╭──

lemma sum_list_group_by:
  fixes g :: "'a \<Rightarrow> 'b::comm_monoid_add"
  shows "(\<Sum>x\<leftarrow>xs. g x) = (\<Sum>y\<in>k ` set xs. \<Sum>x\<leftarrow>filter (\<lambda>x. k x = y) xs. g x)"
proof (induction xs)
  case (Cons x xs)
  let ?group = "\<lambda>y. \<Sum>z\<leftarrow>filter (\<lambda>z. k z = y) xs. g z"
  have "(\<Sum>y\<in>k ` set (x # xs). \<Sum>z\<leftarrow>filter (\<lambda>z. k z = y) (x # xs). g z) =
      (\<Sum>y\<in>insert (k x) (k ` set xs). (if k x = y then g x else 0) + ?group y)"
    by (rule sum.cong) auto
  also have "\<dots> = g x + (\<Sum>y\<in>insert (k x) (k ` set xs). ?group y)"
    by (simp add: sum.distrib)
  also have "(\<Sum>y\<in>insert (k x) (k ` set xs). ?group y) = (\<Sum>y\<in>k ` set xs. ?group y)"
  proof -
    have "?group (k x) = 0" if "k x \<notin> k ` set xs"
      using that by (metis (mono_tags) filter_empty_conv image_eqI list.map(1) sum_list.Nil)
    then show ?thesis
      by (cases "k x \<in> k ` set xs") (simp_all add: insert_absorb)
  qed
  finally show ?case
    using Cons by simp
qed simp

lemma support_mpoly_of: "{mn. mpoly_of e mn \<noteq> 0} \<subseteq> monomial_key ` set (monomials e)"
proof
  fix mn assume "mn \<in> {mn. mpoly_of e mn \<noteq> 0}"
  then have "filter (\<lambda>t. monomial_key t = mn) (monomials e) \<noteq> []"
    by (auto simp: mpoly_of_def)
  then show "mn \<in> monomial_key ` set (monomials e)"
    by (auto simp: filter_empty_conv)
qed

lemma nonneg_mpoly_of:
  assumes "nonneg_coeffs e" "pvars e \<subseteq> {..<m}"
  shows "nonneg_mpoly m (mpoly_of e)"
proof -
  have "mpoly_of e mn \<ge> 0" for mn
    unfolding mpoly_of_def using monomials_nonneg[OF assms(1)] by (intro sum_list_nonneg) auto
  moreover have "snd mn i = 0" if "mpoly_of e mn \<noteq> 0" "i \<ge> m" for mn i
  proof -
    obtain t where t: "t \<in> set (monomials e)" "mn = monomial_key t"
      using support_mpoly_of \<open>mpoly_of e mn \<noteq> 0\<close> by blast
    then have "i \<notin> set (snd (snd t))"
      using monomials_vars[OF t(1)] assms(2) \<open>i \<ge> m\<close> by auto
    then show ?thesis
      using t(2) by (simp add: monomial_key_def split_def count_list_0_iff)
  qed
  ultimately show ?thesis
    unfolding nonneg_mpoly_def using finite_subset[OF support_mpoly_of] by auto
qed

lemma prod_power_count_list:
  "set ws \<subseteq> {..<length ys} \<Longrightarrow>
     (\<Prod>i<length ys. (ys ! i) ^ count_list ws i) = prod_list (map ((!) ys) ws)"
proof (induction ws)
  case (Cons w ws)
  have "(\<Prod>i<length ys. (ys ! i) ^ count_list (w # ws) i) =
      (\<Prod>i<length ys. (if i = w then ys ! i else 1) * (ys ! i) ^ count_list ws i)"
    by (rule prod.cong) auto
  also have "\<dots> = ys ! w * (\<Prod>i<length ys. (ys ! i) ^ count_list ws i)"
    using Cons.prems by (simp add: prod.distrib)
  finally show ?case
    using Cons by simp
qed simp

╰──

WORK TO BE COMPLETED:
Your task is to set down again, exactly, every line from the beginning of the listing through the line with "set (snd (snd".

REPLY TO THE TASK:
lemma sum_list_group_by:
  fixes g :: "'a \<Rightarrow> 'b::comm_monoid_add"
  shows "(\<Sum>x\<leftarrow>xs. g x) = (\<Sum>y\<in>k ` set xs. \<Sum>x\<leftarrow>filter (\<lambda>x. k x = y) xs. g x)"
proof (induction xs)
  case (Cons x xs)
  let ?group = "\<lambda>y. \<Sum>z\<leftarrow>filter (\<lambda>z. k z = y) xs. g z"
  have "(\<Sum>y\<in>k ` set (x # xs). \<Sum>z\<leftarrow>filter (\<lambda>z. k z = y) (x # xs). g z) =
      (\<Sum>y\<in>insert (k x) (k ` set xs). (if k x = y then g x else 0) + ?group y)"
    by (rule sum.cong) auto
  also have "\<dots> = g x + (\<Sum>y\<in>insert (k x) (k ` set xs). ?group y)"
    by (simp add: sum.distrib)
  also have "(\<Sum>y\<in>insert (k x) (k ` set xs). ?group y) = (\<Sum>y\<in>k ` set xs. ?group y)"
  proof -
    have "?group (k x) = 0" if "k x \<notin> k ` set xs"
      using that by (metis (mono_tags) filter_empty_conv image_eqI list.map(1) sum_list.Nil)
    then show ?thesis
      by (cases "k x \<in> k ` set xs") (simp_all add: insert_absorb)
  qed
  finally show ?case
    using Cons by simp
qed simp

lemma support_mpoly_of: "{mn. mpoly_of e mn \<noteq> 0} \<subseteq> monomial_key ` set (monomials e)"
proof
  fix mn assume "mn \<in> {mn. mpoly_of e mn \<noteq> 0}"
  then have "filter (\<lambda>t. monomial_key t = mn) (monomials e) \<noteq> []"
    by (auto simp: mpoly_of_def)
  then show "mn \<in> monomial_key ` set (monomials e)"
    by (auto simp: filter_empty_conv)
qed

lemma nonneg_mpoly_of:
  assumes "nonneg_coeffs e" "pvars e \<subseteq> {..<m}"
  shows "nonneg_mpoly m (mpoly_of e)"
proof -
  have "mpoly_of e mn \<ge> 0" for mn
    unfolding mpoly_of_def using monomials_nonneg[OF assms(1)] by (intro sum_list_nonneg) auto
  moreover have "snd mn i = 0" if "mpoly_of e mn \<noteq> 0" "i \<ge> m" for mn i
  proof -
    obtain t where t: "t \<in> set (monomials e)" "mn = monomial_key t"
      using support_mpoly_of \<open>mpoly_of e mn \<noteq> 0\<close> by blast
    then have "i \<notin> set (snd (snd t))"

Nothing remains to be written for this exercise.